During the estate planning process, many people recognize that they may need long-term care someday. Unfortunately, most health insurance policies and Medicare do not come with long-term care coverage, and the cost of nursing homes and similar facilities can be exorbitant.

However, if you can qualify for Medicaid, you may be eligible for long-term care benefits. Medicaid planning involves managing your assets and income to make sure that you qualify for Medicaid coverage.

If you need to reduce your total assets to qualify, you can’t just give your money away one day and apply for Medicaid the next. By planning ahead, though, you can strategically lower your net worth so you qualify by the time you need long-term care. But how much money can you give away and still qualify for Medicaid? Here’s a closer look.

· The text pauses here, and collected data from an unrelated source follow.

lemma parallel_if_orthogonal_to_same:
  fixes e h z :: complex
  assumes "z \<noteq> 0" "inner e z = 0" "inner h z = 0" "e \<noteq> 0"
  shows "\<exists>c. h = c *\<^sub>R e"
proof -
  have "cross e h * Re z = Im h * inner e z - Im e * inner h z"
    "cross e h * Im z = Re e * inner h z - Re h * inner e z"
    by (simp_all add: cross_eq inner_complex_def algebra_simps)
  then have cr: "cross e h = 0" using assms(1-3) by (auto simp: complex_eq_iff)
  have nz: "(norm e)\<^sup>2 = Re e * Re e + Im e * Im e"
    using cmod_power2[of e] by (simp add: power2_eq_square)
  have "(norm e)\<^sup>2 * Re h - inner h e * Re e = - Im e * cross e h"
    "(norm e)\<^sup>2 * Im h - inner h e * Im e = Re e * cross e h"
    unfolding nz by (simp_all add: cross_eq inner_complex_def algebra_simps)
  then have "(norm e)\<^sup>2 *\<^sub>R h = inner h e *\<^sub>R e"
    using cr by (simp add: complex_eq_iff)
  then have "(1 / (norm e)\<^sup>2) *\<^sub>R ((norm e)\<^sup>2 *\<^sub>R h) = (1 / (norm e)\<^sup>2) *\<^sub>R (inner h e *\<^sub>R e)"
    by simp
  then have "h = (inner h e / (norm e)\<^sup>2) *\<^sub>R e"
    using assms(4) by simp
  then show ?thesis ..
qed

lemma open_segment_extend:
  fixes x y p q :: complex
  assumes x: "x \<in> closed_segment p q" and y: "y \<in> open_segment p q" and xy: "x \<noteq> y"
  shows "\<exists>l>0. y + l *\<^sub>R (y - x) \<in> closed_segment p q"
proof -
  obtain a where a: "x = (1 - a) *\<^sub>R p + a *\<^sub>R q" using x by (auto simp: in_segment)
  obtain b where b: "0 < b" "b < 1" "y = (1 - b) *\<^sub>R p + b *\<^sub>R q" using y by (auto simp: in_segment)
  have ab: "a \<noteq> b" using xy a b(3) by auto
  have yx: "y - x = (b - a) *\<^sub>R (q - p)" unfolding a b(3) by (simp add: algebra_simps)
  show ?thesis
  proof (cases "a < b")
    case True
    define l where "l = (1 - b) / (b - a)"
    have l0: "l > 0" using True b by (simp add: l_def)
    have lab: "l * (b - a) = 1 - b" using True by (simp add: l_def)
    have "y + l *\<^sub>R (y - x) = y + (1 - b) *\<^sub>R (q - p)" by (simp only: yx scaleR_scaleR lab)
    also have "\<dots> = q" by (simp add: b(3) algebra_simps)
    finally show ?thesis using l0 by auto
  next
    case False
    then have ba: "b < a" using ab by simp
    define l where "l = b / (a - b)"
    have l0: "l > 0" using ba b by (simp add: l_def)
    have lab: "l * (b - a) = - b" using ba by (simp add: l_def field_simps)
    have "y + l *\<^sub>R (y - x) = y + (- b) *\<^sub>R (q - p)" by (simp only: yx scaleR_scaleR lab)
    also have "\<dots> = p" by (simp add: b(3) algebra_simps)
    finally show ?thesis using l0 by auto
  qed
qed

lemma common_shift_to_endpoint:
  fixes al be c :: real
  assumes "0 < al" "al < 1" "0 < be" "be < 1" "c \<noteq> 0"
  shows "\<exists>s\<ge>0. al + s \<le> 1 \<and> 0 \<le> be + s / c \<and> be + s / c \<le> 1 \<and>
           (al + s = 1 \<or> be + s / c = 1 \<or> be + s / c = 0)"
proof (cases "0 < c")
  case True
  show ?thesis
  proof (cases "1 - al \<le> c * (1 - be)")
    case True
    have "(1 - al) / c \<le> 1 - be" using True \<open>0 < c\<close> by (simp add: divide_le_eq mult.commute)
    moreover have "0 \<le> (1 - al) / c" using assms \<open>0 < c\<close> by simp
    ultimately show ?thesis using assms by (intro exI[of _ "1 - al"]) auto
  next
    case False
    have "c * (1 - be) / c = 1 - be" using \<open>0 < c\<close> by simp
    then show ?thesis using assms False \<open>0 < c\<close> by (intro exI[of _ "c * (1 - be)"]) auto
  qed
next
  case False
  then have c: "c < 0" using assms by simp
  show ?thesis
  proof (cases "1 - al \<le> - c * be")
    case True
    have "1 - al \<le> - be * c" using True by (simp add: mult.commute)
    then have "- be \<le> (1 - al) / c" using c by (simp add: le_divide_eq)
    moreover have "(1 - al) / c \<le> 0" using assms c by (simp add: divide_nonneg_neg)
    ultimately show ?thesis using assms by (intro exI[of _ "1 - al"]) auto
  next
    case False
    have "(- c * be) / c = - be" using c by simp
    moreover have "c * be \<le> 0" using c assms by (simp add: mult_neg_pos less_imp_le)
    ultimately show ?thesis using assms False c by (intro exI[of _ "- c * be"]) auto
  qed
qed

lemma pythagoras_obtuse:
  fixes u w c :: "'a::real_inner"
  assumes "inner (u - c) (w - c) \<le> 0"
  shows "(norm (u - c))\<^sup>2 + (norm (w - c))\<^sup>2 \<le> (dist u w)\<^sup>2"
proof -
  have "dist u w = norm ((u - c) - (w - c))" by (simp add: dist_norm)
  then have "(dist u w)\<^sup>2 = (norm (u - c))\<^sup>2 + (norm (w - c))\<^sup>2 - 2 * inner (u - c) (w - c)"
    by (simp add: power2_norm_eq_inner inner_diff_left inner_diff_right inner_commute)
  then show ?thesis using assms by linarith
qed
(* Let $d\ge 1$, let $f=(f_1,\dots,f_d):\mathbb{R}^d\to\mathbb{R}^d$ be smooth, and let $\phi:\mathbb{R}^d\to\mathbb{R}$ be smooth. Let $\gamma_1$ and $\gamma_2$ be two exotic aromatic rooted forests, with node sets $V_1$ (root $r_1$, non-root nodes $V_1^0=V_1\setminus\{r_1\}$) and $V_2$ (root $r_2$, non-root nodes $V_2^0=V_2\setminus\{r_2\}$). For maps $\varphi:\pi(r_2)\to V_1$ and $\psi:\Gamma(r_2)\to V_1$, let $\gamma_{\varphi,\psi}$ be the exotic aromatic rooted forest obtained as follows: its nodes are $V_1\cup V_2^0$ (disjoint union) with root $r_1$; it contains all edges and lianas of $\gamma_1$, all edges and lianas of $\gamma_2$ not incident to $r_2$; each edge $w\to r_2$ of $\gamma_2$ (with $w\in\pi(r_2)$) is replaced by the edge $w\to\varphi(w)$; and each liana end of $\gamma_2$ located at $r_2$ (an element $e\in\Gamma(r_2)$) is moved to the node $\psi(e)\in V_1$. Then $$F(\gamma_2)\big(F(\gamma_1)(\phi)\big)=\sum_{\varphi:\pi(r_2)\to V_1}\ \sum_{\psi:\Gamma(r_2)\to V_1} F(\gamma_{\varphi,\psi})(\phi),$$ where the sums run over all maps $\varphi$ and $\psi$.
   Context: An exotic aromatic rooted forest $\gamma$ consists of a finite set of nodes $V$ with a distinguished node $r$ (the root), write $V^0=V\setminus\{r\}$; a set of directed edges such that every node of $V^0$ has exactly one outgoing edge and the root has none (cycles, i.e. aromas, are allowed); and a finite set of lianas, each liana being an undirected edge with two ends, each end attached to a node (both ends may be attached to the same node). For a node $v$, $\pi(v)$ denotes the set of nodes $w$ having an edge $w\to v$ (predecessors of $v$), and $\Gamma(v)$ denotes the set of liana ends attached to $v$ (so lianas are counted with multiplicity: a liana with both ends at $v$ contributes two elements of $\Gamma(v)$). Each non-root node $v$ carries an index $i_v\in\{1,\dots,d\}$ and each liana $l$ carries an index $j_l\in\{1,\dots,d\}$; for a liana end $e$ belonging to liana $l$ write $j_e=j_l$. Set $\partial_{I_{\pi(v)}}=\prod_{w\in\pi(v)}\partial_{i_w}$ and $\partial_{J_{\Gamma(v)}}=\prod_{e\in\Gamma(v)}\partial_{j_e}$, where $\partial_i=\partial/\partial x_i$. The elementary differential of $\gamma$ is the linear differential operator acting on smooth $\phi:\mathbb{R}^d\to\mathbb{R}$ by $$F(\gamma)(\phi)=\sum_{(i_v)_{v\in V^0}}\ \sum_{(j_l)_{l \text{ liana}}}\Big(\prod_{v\in V^0}\partial_{I_{\pi(v)}}\partial_{J_{\Gamma(v)}} f_{i_v}\Big)\,\partial_{I_{\pi(r)}}\partial_{J_{\Gamma(r)}}\phi,$$ all indices ranging over $\{1,\dots,d\}$. *)

theory Defs
  imports "HOL-Analysis.Analysis" "HOL-Library.FuncSet" "HOL-Library.Multiset"
begin

definition partial :: "'n::finite \<Rightarrow> (real^'n \<Rightarrow> real) \<Rightarrow> (real^'n \<Rightarrow> real)" where
  "partial i g = (\<lambda>x. deriv (\<lambda>t. g (x + t *\<^sub>R axis i 1)) 0)"

fun pderivs :: "'n::finite list \<Rightarrow> (real^'n \<Rightarrow> real) \<Rightarrow> (real^'n \<Rightarrow> real)" where
  "pderivs [] g = g"
| "pderivs (i # is) g = partial i (pderivs is g)"

text \<open>Product of partial derivatives indexed by a multiset of coordinates
  (applied in an arbitrary order; for smooth functions the order is irrelevant).\<close>
definition pderivs_mset :: "'n::finite multiset \<Rightarrow> (real^'n \<Rightarrow> real) \<Rightarrow> (real^'n \<Rightarrow> real)" where
  "pderivs_mset M g = pderivs (SOME xs. mset xs = M) g"

definition smooth :: "(real^'n::finite \<Rightarrow> real) \<Rightarrow> bool" where
  "smooth g \<longleftrightarrow> (\<forall>is. continuous_on UNIV (pderivs is g) \<and>
     (\<forall>i x. (\<lambda>t. pderivs is g (x + t *\<^sub>R axis i 1)) differentiable (at 0)))"

text \<open>Each liana l has two ends (l,True), (l,False);
  att maps a liana end to the node it is attached to. succ v is the target of the
  unique outgoing edge of a non-root node v (the value at the root is irrelevant).\<close>
record ('v, 'l) eaf =
  nodes :: "'v set"
  root :: 'v
  succ :: "'v \<Rightarrow> 'v"
  lianas :: "'l set"
  att :: "'l \<times> bool \<Rightarrow> 'v"

definition wf_eaf :: "('v, 'l) eaf \<Rightarrow> bool" where
  "wf_eaf \<gamma> \<longleftrightarrow> finite (nodes \<gamma>) \<and> root \<gamma> \<in> nodes \<gamma> \<and>
     (\<forall>v \<in> nodes \<gamma> - {root \<gamma>}. succ \<gamma> v \<in> nodes \<gamma>) \<and>
     finite (lianas \<gamma>) \<and> (\<forall>e \<in> lianas \<gamma> \<times> UNIV. att \<gamma> e \<in> nodes \<gamma>)"

definition nonroot :: "('v, 'l) eaf \<Rightarrow> 'v set" where
  "nonroot \<gamma> = nodes \<gamma> - {root \<gamma>}"

definition liana_ends :: "('v, 'l) eaf \<Rightarrow> ('l \<times> bool) set" where
  "liana_ends \<gamma> = lianas \<gamma> \<times> UNIV"

definition preds :: "('v, 'l) eaf \<Rightarrow> 'v \<Rightarrow> 'v set" where
  "preds \<gamma> v = {w \<in> nonroot \<gamma>. succ \<gamma> w = v}"

definition ends_at :: "('v, 'l) eaf \<Rightarrow> 'v \<Rightarrow> ('l \<times> bool) set" where
  "ends_at \<gamma> v = {e \<in> liana_ends \<gamma>. att \<gamma> e = v}"

definition deriv_idx :: "('v, 'l) eaf \<Rightarrow> ('v \<Rightarrow> 'n) \<Rightarrow> ('l \<Rightarrow> 'n) \<Rightarrow> 'v \<Rightarrow> 'n multiset" where
  "deriv_idx \<gamma> I J v = image_mset I (mset_set (preds \<gamma> v))
                       + image_mset (\<lambda>e. J (fst e)) (mset_set (ends_at \<gamma> v))"

definition elem_diff :: "(real^'n::finite \<Rightarrow> real^'n) \<Rightarrow> ('v, 'l) eaf
     \<Rightarrow> (real^'n \<Rightarrow> real) \<Rightarrow> (real^'n \<Rightarrow> real)" where
  "elem_diff f \<gamma> \<phi> = (\<lambda>x.
     \<Sum>I \<in> nonroot \<gamma> \<rightarrow>\<^sub>E (UNIV :: 'n set).
     \<Sum>J \<in> lianas \<gamma> \<rightarrow>\<^sub>E (UNIV :: 'n set).
       (\<Prod>v \<in> nonroot \<gamma>. pderivs_mset (deriv_idx \<gamma> I J v) (\<lambda>y. f y $ I v) x)
       * pderivs_mset (deriv_idx \<gamma> I J (root \<gamma>)) \<phi> x)"

definition graft :: "('v, 'l1) eaf \<Rightarrow> ('w, 'l2) eaf \<Rightarrow> ('w \<Rightarrow> 'v) \<Rightarrow> ('l2 \<times> bool \<Rightarrow> 'v)
     \<Rightarrow> ('v + 'w, 'l1 + 'l2) eaf" where
  "graft \<gamma>1 \<gamma>2 \<phi> \<psi> =
     \<lparr> nodes = Inl ` nodes \<gamma>1 \<union> Inr ` nonroot \<gamma>2,
       root = Inl (root \<gamma>1),
       succ = (\<lambda>u. case u of
                 Inl v \<Rightarrow> Inl (succ \<gamma>1 v)
               | Inr w \<Rightarrow> (if succ \<gamma>2 w = root \<gamma>2 then Inl (\<phi> w) else Inr (succ \<gamma>2 w))),
       lianas = Inl ` lianas \<gamma>1 \<union> Inr ` lianas \<gamma>2,
       att = (\<lambda>(l, b). case l of
                 Inl l1 \<Rightarrow> Inl (att \<gamma>1 (l1, b))
               | Inr l2 \<Rightarrow> (if att \<gamma>2 (l2, b) = root \<gamma>2 then Inl (\<psi> (l2, b))
                           else Inr (att \<gamma>2 (l2, b)))) \<rparr>"

end

theory Submission
  imports Defs
begin

(*
  F(gamma2) applied to F(gamma1)(phi) differentiates the function F(gamma1)(phi) -- a sum of
  products over the nodes of gamma1, the root factor being a derivative of phi and every other
  factor a derivative of a component of f -- once for each edge and each liana end at the root
  of gamma2. By the Leibniz rule every one of these derivatives falls on exactly one node of
  gamma1; recording where they fall gives maps varphi : pi(r2) -> V1 and psi : Gamma(r2) -> V1,
  and for fixed varphi, psi the resulting index multisets at the nodes of gamma1 are exactly
  those of the grafted forest gamma_{varphi,psi}, whose remaining nodes carry the factors of
  gamma2. Smoothness is needed because pderivs_mset applies the partial derivatives in an
  unspecified order: by Schwarz's theorem the order is irrelevant.
*)

section \<open>Partial derivatives along coordinate axes\<close>

definition partially_differentiable :: "(real^'n::finite \<Rightarrow> real) \<Rightarrow> 'n \<Rightarrow> bool" where
  "partially_differentiable g i \<longleftrightarrow> (\<forall>y. (\<lambda>t. g (y + t *\<^sub>R axis i 1)) differentiable (at 0))"

lemma partially_differentiable_DERIV:
  assumes "partially_differentiable g i"
  shows "((\<lambda>t. g (y + t *\<^sub>R axis i 1)) has_real_derivative partial i g y) (at 0)"
  using assms unfolding partially_differentiable_def partial_def
  by (simp add: DERIV_deriv_iff_real_differentiable)

lemma partially_differentiable_DERIV_at:
  assumes "partially_differentiable g i"
  shows "((\<lambda>s. g (y + s *\<^sub>R axis i 1)) has_real_derivative partial i g (y + s0 *\<^sub>R axis i 1)) (at s0)"
proof -
  let ?z = "y + s0 *\<^sub>R axis i (1::real)"
  have "((\<lambda>t. g (?z + t *\<^sub>R axis i 1)) has_real_derivative partial i g ?z) (at (s0 + - s0))"
    using partially_differentiable_DERIV[OF assms] by simp
  then have "((\<lambda>s. g (?z + (s + - s0) *\<^sub>R axis i 1)) has_real_derivative partial i g ?z) (at s0)"
    by (subst (asm) DERIV_shift) simp
  moreover have "(\<lambda>s. g (?z + (s + - s0) *\<^sub>R axis i 1)) = (\<lambda>s. g (y + s *\<^sub>R axis i 1))"
    by (simp add: algebra_simps)
  ultimately show ?thesis by simp
qed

Understanding Medicaid Gifting and Eligibility

In Florida and elsewhere, there are strict income and asset limits for Medicaid eligibility. Medicaid is a program for medically needy people, so these limits are lower than you might think.

Florida has different income and asset limits for each type of Medicaid applicant. For a single person applying for a nursing home or long-term care program, the 2025 limits are as follows:

  • Income Limit: $2,901 per month
  • Asset Limit: $2,000

The 2025 limits are different for married couples with both spouses applying:

  • Income Limit (Total): $5,802 per month
  • Income Limit (Each Spouse Separately): $2,901 per month
  • Asset Limit: $3,000

These are the 2025 limits if you’re married with only one spouse applying for Medicaid:

  • Income Limit (Applicant): $2,901 per month
  • Asset Limit (Applicant): $2,000
  • Asset Limit (Non-Applicant): $157,920

Medicaid considers some assets to be exempt from the asset limit. Generally, these include your home, car, home furnishings, and personal belongings.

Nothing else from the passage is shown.